Top of Records for processing

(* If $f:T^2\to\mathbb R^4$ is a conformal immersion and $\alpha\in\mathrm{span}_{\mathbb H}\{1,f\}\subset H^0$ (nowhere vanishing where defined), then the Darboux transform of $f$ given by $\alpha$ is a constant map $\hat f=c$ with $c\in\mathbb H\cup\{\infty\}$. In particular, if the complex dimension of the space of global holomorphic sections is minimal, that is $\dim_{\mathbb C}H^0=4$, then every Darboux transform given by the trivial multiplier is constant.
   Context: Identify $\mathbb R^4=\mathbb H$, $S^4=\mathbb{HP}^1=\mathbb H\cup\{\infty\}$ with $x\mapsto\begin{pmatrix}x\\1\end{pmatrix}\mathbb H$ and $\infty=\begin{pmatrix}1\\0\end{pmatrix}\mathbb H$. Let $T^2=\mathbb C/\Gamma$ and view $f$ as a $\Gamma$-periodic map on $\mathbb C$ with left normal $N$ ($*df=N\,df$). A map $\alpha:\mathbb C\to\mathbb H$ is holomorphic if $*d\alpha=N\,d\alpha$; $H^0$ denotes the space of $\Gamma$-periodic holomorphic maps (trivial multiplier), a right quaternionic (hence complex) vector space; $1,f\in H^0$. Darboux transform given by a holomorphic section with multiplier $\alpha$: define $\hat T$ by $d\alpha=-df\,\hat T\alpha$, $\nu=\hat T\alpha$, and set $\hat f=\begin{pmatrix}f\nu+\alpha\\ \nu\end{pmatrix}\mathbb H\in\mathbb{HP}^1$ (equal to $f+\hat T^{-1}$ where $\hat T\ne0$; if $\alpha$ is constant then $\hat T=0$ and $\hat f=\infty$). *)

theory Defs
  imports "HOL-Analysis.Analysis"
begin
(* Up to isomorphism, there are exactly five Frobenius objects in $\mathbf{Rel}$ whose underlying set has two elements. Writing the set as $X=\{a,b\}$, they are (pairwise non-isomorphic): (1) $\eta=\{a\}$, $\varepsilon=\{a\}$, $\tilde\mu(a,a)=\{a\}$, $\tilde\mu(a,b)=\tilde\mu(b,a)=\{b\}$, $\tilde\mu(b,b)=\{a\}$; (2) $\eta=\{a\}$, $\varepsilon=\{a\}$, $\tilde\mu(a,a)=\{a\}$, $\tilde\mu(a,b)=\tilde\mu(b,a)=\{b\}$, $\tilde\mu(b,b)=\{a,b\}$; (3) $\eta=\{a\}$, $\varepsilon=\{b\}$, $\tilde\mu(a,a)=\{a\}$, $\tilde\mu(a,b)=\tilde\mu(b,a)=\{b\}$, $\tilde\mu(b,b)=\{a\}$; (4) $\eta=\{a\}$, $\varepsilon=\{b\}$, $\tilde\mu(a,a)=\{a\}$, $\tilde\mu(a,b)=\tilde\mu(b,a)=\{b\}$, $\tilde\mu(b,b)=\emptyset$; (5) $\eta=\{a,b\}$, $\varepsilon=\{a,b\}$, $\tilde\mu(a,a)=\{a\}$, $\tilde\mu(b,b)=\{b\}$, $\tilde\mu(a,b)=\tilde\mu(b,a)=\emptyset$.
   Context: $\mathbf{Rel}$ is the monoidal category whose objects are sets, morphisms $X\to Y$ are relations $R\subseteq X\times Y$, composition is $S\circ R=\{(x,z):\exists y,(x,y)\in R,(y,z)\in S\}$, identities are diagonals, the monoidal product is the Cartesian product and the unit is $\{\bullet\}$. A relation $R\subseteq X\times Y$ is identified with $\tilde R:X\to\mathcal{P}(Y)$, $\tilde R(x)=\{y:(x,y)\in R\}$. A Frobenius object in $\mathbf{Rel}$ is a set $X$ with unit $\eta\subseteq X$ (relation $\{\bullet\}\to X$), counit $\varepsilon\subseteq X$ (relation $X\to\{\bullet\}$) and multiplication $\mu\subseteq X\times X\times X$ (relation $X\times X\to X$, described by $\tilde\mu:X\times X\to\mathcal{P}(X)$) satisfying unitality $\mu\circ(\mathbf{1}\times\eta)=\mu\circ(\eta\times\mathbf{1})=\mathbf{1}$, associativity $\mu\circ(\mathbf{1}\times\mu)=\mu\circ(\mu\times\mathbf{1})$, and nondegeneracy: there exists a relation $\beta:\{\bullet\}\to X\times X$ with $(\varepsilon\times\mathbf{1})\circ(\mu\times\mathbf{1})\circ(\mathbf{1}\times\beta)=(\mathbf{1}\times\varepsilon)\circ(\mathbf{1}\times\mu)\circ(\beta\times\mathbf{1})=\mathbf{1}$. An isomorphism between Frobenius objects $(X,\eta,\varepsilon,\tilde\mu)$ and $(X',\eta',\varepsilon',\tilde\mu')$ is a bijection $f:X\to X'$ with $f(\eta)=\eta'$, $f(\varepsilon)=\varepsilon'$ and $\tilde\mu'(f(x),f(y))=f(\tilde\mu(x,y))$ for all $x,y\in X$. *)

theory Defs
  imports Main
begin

Bottom of Records for processing

| Activity |
All lines of the data are to be repeated exactly as they stand.

| Answer for the task |
(* If $f:T^2\to\mathbb R^4$ is a conformal immersion and $\alpha\in\mathrm{span}_{\mathbb H}\{1,f\}\subset H^0$ (nowhere vanishing where defined), then the Darboux transform of $f$ given by $\alpha$ is a constant map $\hat f=c$ with $c\in\mathbb H\cup\{\infty\}$. In particular, if the complex dimension of the space of global holomorphic sections is minimal, that is $\dim_{\mathbb C}H^0=4$, then every Darboux transform given by the trivial multiplier is constant.
   Context: Identify $\mathbb R^4=\mathbb H$, $S^4=\mathbb{HP}^1=\mathbb H\cup\{\infty\}$ with $x\mapsto\begin{pmatrix}x\\1\end{pmatrix}\mathbb H$ and $\infty=\begin{pmatrix}1\\0\end{pmatrix}\mathbb H$. Let $T^2=\mathbb C/\Gamma$ and view $f$ as a $\Gamma$-periodic map on $\mathbb C$ with left normal $N$ ($*df=N\,df$). A map $\alpha:\mathbb C\to\mathbb H$ is holomorphic if $*d\alpha=N\,d\alpha$; $H^0$ denotes the space of $\Gamma$-periodic holomorphic maps (trivial multiplier), a right quaternionic (hence complex) vector space; $1,f\in H^0$. Darboux transform given by a holomorphic section with multiplier $\alpha$: define $\hat T$ by $d\alpha=-df\,\hat T\alpha$, $\nu=\hat T\alpha$, and set $\hat f=\begin{pmatrix}f\nu+\alpha\\ \nu\end{pmatrix}\mathbb H\in\mathbb{HP}^1$ (equal to $f+\hat T^{-1}$ where $\hat T\ne0$; if $\alpha$ is constant then $\hat T=0$ and $\hat f=\infty$). *)

theory Defs
  imports "HOL-Analysis.Analysis"
begin
(* Up to isomorphism, there are exactly five Frobenius objects in $\mathbf{Rel}$ whose underlying set has two elements. Writing the set as $X=\{a,b\}$, they are (pairwise non-isomorphic): (1) $\eta=\{a\}$, $\varepsilon=\{a\}$, $\tilde\mu(a,a)=\{a\}$, $\tilde\mu(a,b)=\tilde\mu(b,a)=\{b\}$, $\tilde\mu(b,b)=\{a\}$; (2) $\eta=\{a\}$, $\varepsilon=\{a\}$, $\tilde\mu(a,a)=\{a\}$, $\tilde\mu(a,b)=\tilde\mu(b,a)=\{b\}$, $\tilde\mu(b,b)=\{a,b\}$; (3) $\eta=\{a\}$, $\varepsilon=\{b\}$, $\tilde\mu(a,a)=\{a\}$, $\tilde\mu(a,b)=\tilde\mu(b,a)=\{b\}$, $\tilde\mu(b,b)=\{a\}$; (4) $\eta=\{a\}$, $\varepsilon=\{b\}$, $\tilde\mu(a,a)=\{a\}$, $\tilde\mu(a,b)=\tilde\mu(b,a)=\{b\}$, $\tilde\mu(b,b)=\emptyset$; (5) $\eta=\{a,b\}$, $\varepsilon=\{a,b\}$, $\tilde\mu(a,a)=\{a\}$, $\tilde\mu(b,b)=\{b\}$, $\tilde\mu(a,b)=\tilde\mu(b,a)=\emptyset$.
   Context: $\mathbf{Rel}$ is the monoidal category whose objects are sets, morphisms $X\to Y$ are relations $R\subseteq X\times Y$, composition is $S\circ R=\{(x,z):\exists y,(x,y)\in R,(y,z)\in S\}$, identities are diagonals, the monoidal product is the Cartesian product and the unit is $\{\bullet\}$. A relation $R\subseteq X\times Y$ is identified with $\tilde R:X\to\mathcal{P}(Y)$, $\tilde R(x)=\{y:(x,y)\in R\}$. A Frobenius object in $\mathbf{Rel}$ is a set $X$ with unit $\eta\subseteq X$ (relation $\{\bullet\}\to X$), counit $\varepsilon\subseteq X$ (relation $X\to\{\bullet\}$) and multiplication $\mu\subseteq X\times X\times X$ (relation $X\times X\to X$, described by $\tilde\mu:X\times X\to\mathcal{P}(X)$) satisfying unitality $\mu\circ(\mathbf{1}\times\eta)=\mu\circ(\eta\times\mathbf{1})=\mathbf{1}$, associativity $\mu\circ(\mathbf{1}\times\mu)=\mu\circ(\mu\times\mathbf{1})$, and nondegeneracy: there exists a relation $\beta:\{\bullet\}\to X\times X$ with $(\varepsilon\times\mathbf{1})\circ(\mu\times\mathbf{1})\circ(\mathbf{1}\times\beta)=(\mathbf{1}\times\varepsilon)\circ(\mathbf{1}\times\mu)\circ(\beta\times\mathbf{1})=\mathbf{1}$. An isomorphism between Frobenius objects $(X,\eta,\varepsilon,\tilde\mu)$ and $(X',\eta',\varepsilon',\tilde\mu')$ is a bijection $f:X\to X'$ with $f(\eta)=\eta'$, $f(\varepsilon)=\varepsilon'$ and $\tilde\mu'(f(x),f(y))=f(\tilde\mu(x,y))$ for all $x,y\in X$. *)

theory Defs
  imports Main
begin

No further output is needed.